The department revealed that $500,000 has been committed for janitorial services and maintenance of the territory’s schools. However, Mrs. Frett-Gregory said the funds were not sufficient to complete summer maintenance of schools. The chair then chided D.O.E. personnel and expressed that she did not want to see them before the body at year’s end complaining about lack of funding during the 2019-2020 academic year.

Dionne Wells Hedrington, chief operations officer of D.O.E., testified that $1.8 million has been allotted to ensure ongoing maintenance for the remainder of the school year, and that the department is now able to procure contracts to address reoccurring maintenance.

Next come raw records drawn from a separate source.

lemma cluster_event_tl:
  assumes "(k, w) \<in> spine_coords r" "cluster_event r k w \<omega>"
    and "w @ source k = i # y" "up_open \<omega> (i # y)"
  shows "\<exists>k' w'. (k', w') \<in> spine_coords r \<and> y = w' @ source k' \<and> cluster_event r k' w' \<omega>"
proof (cases w)
  case Nil
  with assms(3) obtain k' where k': "k = Suc k'" "y = source k'"
    by (cases k) (auto simp: source_def)
  have "up_open \<omega> (source j)" if "k' < j" "j \<le> r" for j
    using that assms k' Nil by (cases "j = k") (auto simp: cluster_event_def)
  with assms(1) k' show ?thesis
    by (intro exI[of _ k'] exI[of _ "[]"]) (auto simp: spine_coords_def cluster_event_def)
next
  case (Cons a w')
  with assms show ?thesis
    by (intro exI[of _ k] exI[of _ w']) (auto simp: spine_coords_def cluster_event_def split: if_splits)
qed

lemma reachable_from_source:
  assumes "(open_arrow \<omega>)\<^sup>*\<^sup>* (source r) y"
  shows "\<exists>k w. (k, w) \<in> spine_coords r \<and> y = w @ source k \<and> cluster_event r k w \<omega>"
  using assms
proof (induction rule: rtranclp_induct)
  case base
  show ?case
    by (intro exI[of _ r] exI[of _ "[]"]) (simp add: spine_coords_def cluster_event_def)
next
  case (step y y')
  then obtain k w where kw: "(k, w) \<in> spine_coords r" "y = w @ source k" "cluster_event r k w \<omega>"
    by blast
  from step.hyps(2) consider
      (down) i where "y' = i # y" "y' \<in> gw_tree \<omega>" "down_open \<omega> y'"
    | (up) i where "y = i # y'" "up_open \<omega> y"
    unfolding open_arrow_def by blast
  then show ?case
    by cases (use kw cluster_event_Cons cluster_event_tl in auto)
qed
(* Let $\kappa\ge2$ and let $\psi^+$ be the rooted balanced 4-taxon tree $((a,b),(c,d))$. Then $$d_\kappa(\psi^+)=\left(\frac{\kappa^2+\kappa}{2}\right)^2-\binom{\kappa}{2}-1=\frac{\kappa(\kappa^3+2\kappa^2-\kappa+2)}{4}-1.$$ In particular this differs from the dimension $\frac{\kappa^4+\kappa}{2}-1$ for the rooted 4-taxon caterpillar, so $d_\kappa$ depends on the rooted topology and not only on the number of taxa.
   Context: For a rooted binary topological tree $\psi^+$ on $X$, $d_\kappa(\psi^+)$ is the dimension of the affine space of real $|X|$-way $\kappa\times\cdots\times\kappa$ tensors $P$ (one index per taxon) whose entries sum to 1 and such that for every $Y\subseteq X$ and every 2-clade $\{x,y\}$ of the induced rooted subtree $\psi^+|_Y$, the marginalization $P_Y$ is invariant under exchanging the $x$ and $y$ indices. A 2-clade is a pair of leaves that are exactly the leaf descendants of some vertex. *)

theory Defs
  imports "HOL-Analysis.Analysis" "HOL-Library.Function_Algebras"
begin

text \<open>Taxa are encoded as positions 0..n-1; a real n-way kappa x ... x kappa
tensor is a function on index lists (length n, entries < kappa) that vanishes
on all other lists.\<close>

definition idx_tuples :: "nat \<Rightarrow> nat \<Rightarrow> nat list set" where
  "idx_tuples k n = {xs. length xs = n \<and> set xs \<subseteq> {..<k}}"

definition tensors :: "nat \<Rightarrow> nat \<Rightarrow> (nat list \<Rightarrow> real) set" where
  "tensors k n = {P. \<forall>xs. xs \<notin> idx_tuples k n \<longrightarrow> P xs = 0}"

text \<open>Marginalization onto the taxa in Y, viewed as a function of a full index
tuple w (it only depends on the coordinates of w in Y).\<close>

definition marg :: "nat \<Rightarrow> nat \<Rightarrow> nat set \<Rightarrow> (nat list \<Rightarrow> real) \<Rightarrow> nat list \<Rightarrow> real" where
  "marg k n Y P w = (\<Sum>v \<in> {v \<in> idx_tuples k n. \<forall>i\<in>Y. v ! i = w ! i}. P v)"

definition swap_idx :: "nat \<Rightarrow> nat \<Rightarrow> nat list \<Rightarrow> nat list" where
  "swap_idx x y w = w[x := w ! y, y := w ! x]"

text \<open>A rooted X-tree (X = {0..<n}) is represented by its cluster system: the
leaf-descendant sets of its vertices. The clusters of the induced rooted subtree
on Y are the nonempty sets C \<inter> Y; its 2-clades are those of cardinality 2.\<close>

definition two_clades :: "nat set set \<Rightarrow> nat set \<Rightarrow> nat set set" where
  "two_clades H Y = {S. \<exists>C\<in>H. S = C \<inter> Y \<and> card S = 2}"
text \<open>The contraction descends because \<open>[0,1] \<times> -\<close> preserves quotient maps (\<open>[0,1]\<close> is locally
  compact Hausdorff).\<close>

lemma contractible_space_quot_topology:
  assumes E: "equiv UNIV E"
    and H: "continuous_map (prod_topology (top_of_set {0..1::real}) X) X H"
    and H_E: "\<And>t x x'. t \<in> {0..1} \<Longrightarrow> (x, x') \<in> E \<Longrightarrow> (H (t, x), H (t, x')) \<in> E"
    and H0: "\<And>x. x \<in> topspace X \<Longrightarrow> (x, H (0, x)) \<in> E"
    and H1: "\<And>x. x \<in> topspace X \<Longrightarrow> (c, H (1, x)) \<in> E"
  shows "contractible_space (quot_topology X E)"
proof -
  let ?I = "top_of_set {0..1::real}"
  let ?Q = "quot_topology X E"
  let ?q = "\<lambda>x. E``{x}"
  have q: "quotient_map X ?Q ?q" by (rule quotient_map_quot_topology)
  have class_eq: "(x, y) \<in> E \<Longrightarrow> E``{x} = E``{y}" for x y
    using equiv_class_eq[OF E] .
  define HQ where "HQ = (\<lambda>(t, C). ?q (H (t, SOME x. x \<in> C \<inter> topspace X)))"
  have HQ_class: "HQ (t, ?q x) = ?q (H (t, x))" if "t \<in> {0..1}" "x \<in> topspace X" for t x
  proof -
    let ?x = "SOME x'. x' \<in> ?q x \<inter> topspace X"
    have "?x \<in> ?q x \<inter> topspace X"
      by (rule someI[of _ x]) (use equiv_class_self[OF E UNIV_I, of x] that(2) in blast)
    then have "(H (t, x), H (t, ?x)) \<in> E"
      by (intro H_E that(1)) simp
    from class_eq[OF this] show ?thesis
      by (simp add: HQ_def)
  qed
  have "quotient_map (prod_topology ?I X) (prod_topology ?I ?Q) (\<lambda>(t, x). (t, ?q x))"
  proof (rule quotient_map_prod_right[OF _ _ q])
    show "locally_compact_space ?I"
      by (intro compact_imp_locally_compact_space compact_space_subtopology) simp
  qed (simp add: Hausdorff_space_subtopology)
  moreover have "continuous_map (prod_topology ?I X) ?Q (HQ \<circ> (\<lambda>(t, x). (t, ?q x)))"
    by (rule continuous_map_eq[OF continuous_map_compose[OF H quotient_imp_continuous_map[OF q]]])
       (auto simp: HQ_class)
  ultimately have "continuous_map (prod_topology ?I ?Q) ?Q HQ"
    by (rule continuous_compose_quotient_map)
  moreover have "HQ (0, C) = C" and "HQ (1, C) = ?q c" if C: "C \<in> topspace ?Q" for C
  proof -
    obtain x where x: "x \<in> topspace X" and C_eq: "C = ?q x"
      using C unfolding topspace_quot_topology by (blast elim: quotientE)
    show "HQ (0, C) = C"
      using HQ_class[of 0 x] class_eq[OF H0[OF x]] x C_eq by simp
    show "HQ (1, C) = ?q c"
      using HQ_class[of 1 x] class_eq[OF H1[OF x]] x C_eq by simp
  qed
  ultimately show ?thesis
    by (rule contractible_space_if_contracting_homotopy)
qed
(* For every $M \geq 1$ there exist $\delta,\epsilon > 0$, depending only on $M$, such that the following holds. Let $f \colon (\mathbb{W},d_{\mathrm{par}}) \to (\mathbb{H},d)$ be an $M$-bilipschitz map, let $\theta \in [-\pi/2,\pi/2)$, and let $Q \in \mathcal{D}$ satisfy $\beta_{f}(\mathbb{V};Q) < \epsilon$ for some vertical plane $\mathbb{V} \subset \mathbb{H}$ with $\angle(\mathbb{V},\mathbb{W}_{\theta}) = 0$. Then $\mathcal{H}^{3}(\Pi_{\theta}(f(Q))) \geq \delta\mathcal{H}^{3}(Q)$.
   Context: $\mathbb{H}$ is $\mathbb{R}^{3}$ with group law $(x_{1},y_{1},t_{1}) \cdot (x_{2},y_{2},t_{2}) = (x_{1}+x_{2},y_{1}+y_{2},t_{1}+t_{2}+\tfrac{1}{2}(x_{1}y_{2}-x_{2}y_{1}))$, metric $d(p,q) = \|q^{-1}\cdot p\|$ with $\|(x,y,t)\| = \max\{\sqrt{x^{2}+y^{2}},\sqrt{|t|}\}$, $N(E,\delta) = \{p : \operatorname{dist}(p,E) \leq \delta\}$; $\mathcal{H}^{3}$ is $3$-dimensional Hausdorff measure (w.r.t. $d$ on $\mathbb{H}$ and $d_{\mathrm{par}}$ on $\mathbb{W}$). Horizontal lines in $\mathbb{H}$: sets $p \cdot \{(sa,sb,0) : s \in \mathbb{R}\}$, $(a,b) \neq 0$. Vertical planes: sets $\{(x,y,t) : (x,y) \in \lambda\}$, $\lambda \subset \mathbb{R}^{2}$ an affine line. $R_{\theta}(z,t) = (e^{i\theta}z,t)$ with $z = x+iy$; $\mathbb{W}_{\theta} = R_{\theta}(\{(0,y,t)\})$; $\Pi(x,y,t) = (0,y,t+\tfrac{1}{2}xy)$ and $\Pi_{\theta} = R_{\theta} \circ \Pi \circ R_{\theta}^{-1}$. A horizontal line not contained in a left translate of the $xt$-plane can be written uniquely as $\{(ay+b,y,\tfrac{1}{2}by+c)\}$; its slope is $|a|$ ($\infty$ otherwise); $\angle(\mathbb{V})$ is the slope of any horizontal line in $\mathbb{V}$, and $\angle(\mathbb{V},\mathbb{W}_{\theta}) := \angle(R_{\theta}^{-1}\mathbb{V})$. $\mathbb{W}$ is $\mathbb{R}^{2}$ with $d_{\mathrm{par}}((y,t),(\xi,\tau)) = \max\{|y-\xi|,|t-\tau|^{1/2}\}$; horizontal lines in $\mathbb{W}$ are $\mathbb{R}\times\{t\}$. $\mathcal{D}$: dyadic parabolic rectangles $Q = [k2^{-n},(k+1)2^{-n}) \times [l4^{-n},(l+1)4^{-n})$, $\ell(Q) = 2^{-n}$. $\beta_{f}(\mathbb{V};Q)$ is the infimum of $\epsilon > 0$ such that for every horizontal line $\ell \subset \mathbb{W}$ there is a horizontal line $L \subset \mathbb{V}$ with $f(\ell \cap Q) \subset N(L,\epsilon\ell(Q))$. *)

theory Defs
  imports "HOL-Analysis.Analysis"
begin

type_synonym heis = "real \<times> real \<times> real"
type_synonym wpt = "real \<times> real"

definition heis_mult :: "heis \<Rightarrow> heis \<Rightarrow> heis" where
  "heis_mult p q = (case p of (x1, y1, t1) \<Rightarrow> case q of (x2, y2, t2) \<Rightarrow>
      (x1 + x2, y1 + y2, t1 + t2 + (x1 * y2 - x2 * y1) / 2))"

definition heis_inv :: "heis \<Rightarrow> heis" where
  "heis_inv p = (case p of (x, y, t) \<Rightarrow> (-x, -y, -t))"

definition heis_norm :: "heis \<Rightarrow> real" where
  "heis_norm p = (case p of (x, y, t) \<Rightarrow> max (sqrt (x\<^sup>2 + y\<^sup>2)) (sqrt \<bar>t\<bar>))"

definition heis_dist :: "heis \<Rightarrow> heis \<Rightarrow> real" where
  "heis_dist p q = heis_norm (heis_mult (heis_inv q) p)"

definition dpar :: "wpt \<Rightarrow> wpt \<Rightarrow> real" where
  "dpar a b = (case a of (y, t) \<Rightarrow> case b of (\<xi>, \<tau>) \<Rightarrow> max \<bar>y - \<xi>\<bar> (sqrt \<bar>t - \<tau>\<bar>))"

definition heis_setdist :: "heis \<Rightarrow> heis set \<Rightarrow> real" where
  "heis_setdist p E = Inf ((\<lambda>q. heis_dist p q) ` E)"

definition heis_nbhd :: "heis set \<Rightarrow> real \<Rightarrow> heis set" where
  "heis_nbhd E \<delta> = {p. heis_setdist p E \<le> \<delta>}"

definition heis_hline :: "heis set \<Rightarrow> bool" where
  "heis_hline L \<longleftrightarrow> (\<exists>p a b. (a, b) \<noteq> (0, 0) \<and>
      L = {heis_mult p (s * a, s * b, 0) | s. True})"

definition vertical_plane :: "heis set \<Rightarrow> bool" where
  "vertical_plane V \<longleftrightarrow> (\<exists>a b c. (a, b) \<noteq> (0::real, 0::real) \<and>
      V = {(x, y, t). a * x + b * y = c})"

definition rot :: "real \<Rightarrow> heis \<Rightarrow> heis" where
  "rot \<theta> p = (case p of (x, y, t) \<Rightarrow>
      (cos \<theta> * x - sin \<theta> * y, sin \<theta> * x + cos \<theta> * y, t))"

definition W_theta :: "real \<Rightarrow> heis set" where
  "W_theta \<theta> = rot \<theta> ` {(0, y, t) | y t. True}"

definition proj_Pi :: "heis \<Rightarrow> heis" where
  "proj_Pi p = (case p of (x, y, t) \<Rightarrow> (0, y, t + x * y / 2))"

definition proj_Pi_theta :: "real \<Rightarrow> heis \<Rightarrow> heis" where
  "proj_Pi_theta \<theta> = rot \<theta> \<circ> proj_Pi \<circ> rot (-\<theta>)"

definition hline_form :: "real \<Rightarrow> real \<Rightarrow> real \<Rightarrow> heis set" where
  "hline_form a b c = {(a * y + b, y, b * y / 2 + c) | y. True}"

definition hline_slope :: "heis set \<Rightarrow> ereal" where
  "hline_slope L = (if \<exists>a b c. L = hline_form a b c
      then ereal \<bar>THE a. \<exists>b c. L = hline_form a b c\<bar> else \<infinity>)"

definition vplane_angle :: "heis set \<Rightarrow> ereal" where
  "vplane_angle V = hline_slope (SOME L. heis_hline L \<and> L \<subseteq> V)"

definition vplane_angle_W :: "heis set \<Rightarrow> real \<Rightarrow> ereal" where
  "vplane_angle_W V \<theta> = vplane_angle (rot (-\<theta>) ` V)"

definition dyadic_rect :: "int \<Rightarrow> int \<Rightarrow> int \<Rightarrow> wpt set" where
  "dyadic_rect k l n =
     {real_of_int k * 2 powr (- real_of_int n) ..< real_of_int (k + 1) * 2 powr (- real_of_int n)}
   \<times> {real_of_int l * 4 powr (- real_of_int n) ..< real_of_int (l + 1) * 4 powr (- real_of_int n)}"

definition side_len :: "int \<Rightarrow> real" where
  "side_len n = 2 powr (- real_of_int n)"

definition W_hline :: "real \<Rightarrow> wpt set" where
  "W_hline t = UNIV \<times> {t}"

definition beta :: "(wpt \<Rightarrow> heis) \<Rightarrow> heis set \<Rightarrow> int \<Rightarrow> int \<Rightarrow> int \<Rightarrow> ereal" where
  "beta f V k l n = Inf {ereal \<epsilon> | \<epsilon>. \<epsilon> > 0 \<and>
      (\<forall>t. \<exists>L. heis_hline L \<and> L \<subseteq> V \<and>
          f ` (W_hline t \<inter> dyadic_rect k l n) \<subseteq> heis_nbhd L (\<epsilon> * side_len n))}"

definition bilipschitz :: "real \<Rightarrow> (wpt \<Rightarrow> heis) \<Rightarrow> bool" where
  "bilipschitz M f \<longleftrightarrow> (\<forall>p q. dpar p q / M \<le> heis_dist (f p) (f q)
                               \<and> heis_dist (f p) (f q) \<le> M * dpar p q)"

definition mdiam :: "('a \<Rightarrow> 'a \<Rightarrow> real) \<Rightarrow> 'a set \<Rightarrow> ennreal" where
  "mdiam d E = (SUP x\<in>E. SUP y\<in>E. ennreal (d x y))"

definition hausdorff_content :: "('a \<Rightarrow> 'a \<Rightarrow> real) \<Rightarrow> real \<Rightarrow> real \<Rightarrow> 'a set \<Rightarrow> ennreal" where
  "hausdorff_content d s \<delta> A = (INF C \<in> {C :: nat \<Rightarrow> 'a set.
        A \<subseteq> (\<Union>i. C i) \<and> (\<forall>i. mdiam d (C i) \<le> ennreal \<delta>)}.
      (\<Sum>i. ennreal (enn2real (mdiam d (C i)) powr s)))"

definition hausdorff_measure :: "('a \<Rightarrow> 'a \<Rightarrow> real) \<Rightarrow> real \<Rightarrow> 'a set \<Rightarrow> ennreal" where
  "hausdorff_measure d s A = (SUP \<delta> \<in> {0<..}. hausdorff_content d s \<delta> A)"

end

theory Submission
  imports Defs
begin

(* Rotating by -theta turns V into a plane {x = B}. On that plane the coordinates
   (y, t + x y / 2 - B y) are an isometry onto (W, d_par) whose second coordinate is
   constant along horizontal lines. If beta_f(V; Q) is small, every slice of Q is mapped
   close to one horizontal line of V, so in these coordinates f becomes a continuous map
   of Q that is co-Lipschitz up to a small additive error and almost constant in the
   second coordinate on slices. The intermediate value theorem and the Poincare-Miranda
   theorem (derived from Brouwer's theorem) then show that its image contains a parabolic
   rectangle of size l(Q)/M x l(Q)^2/M^6. Read in the same coordinates, Pi_theta is a
   shear, which preserves Lebesgue measure; Lebesgue measure is dominated by the
   3-dimensional Hausdorff measure of d_par, and H^3(Q) <= l(Q)^3. *)

section \<open>The Heisenberg metric\<close>

lemma dpar_eq: "dpar u v = max \<bar>fst u - fst v\<bar> (sqrt \<bar>snd u - snd v\<bar>)"
  by (cases u, cases v) (simp add: dpar_def)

Projects that will impact school opening will be completed first, Ms. Wells Hedrington explained, with the remainder of the funds assigned to ongoing maintenance projects. The U.S. Dept. of Interior, Office of Insular Affairs has also provided an additional $4.5 million for ongoing maintenance projects, said Ms. Wells Hedrington. 

Department officials told senators that it has been working diligently to ensure new schools are built and D.O.E. will identify rebuilding locations by March 2020.

At that announcement, Mrs. Frett-Gregory shared that she has been working on legislation that requires the Dept. of Education to develop a 20 to 25-year plan concerning how it will phase -in new schools in the territory.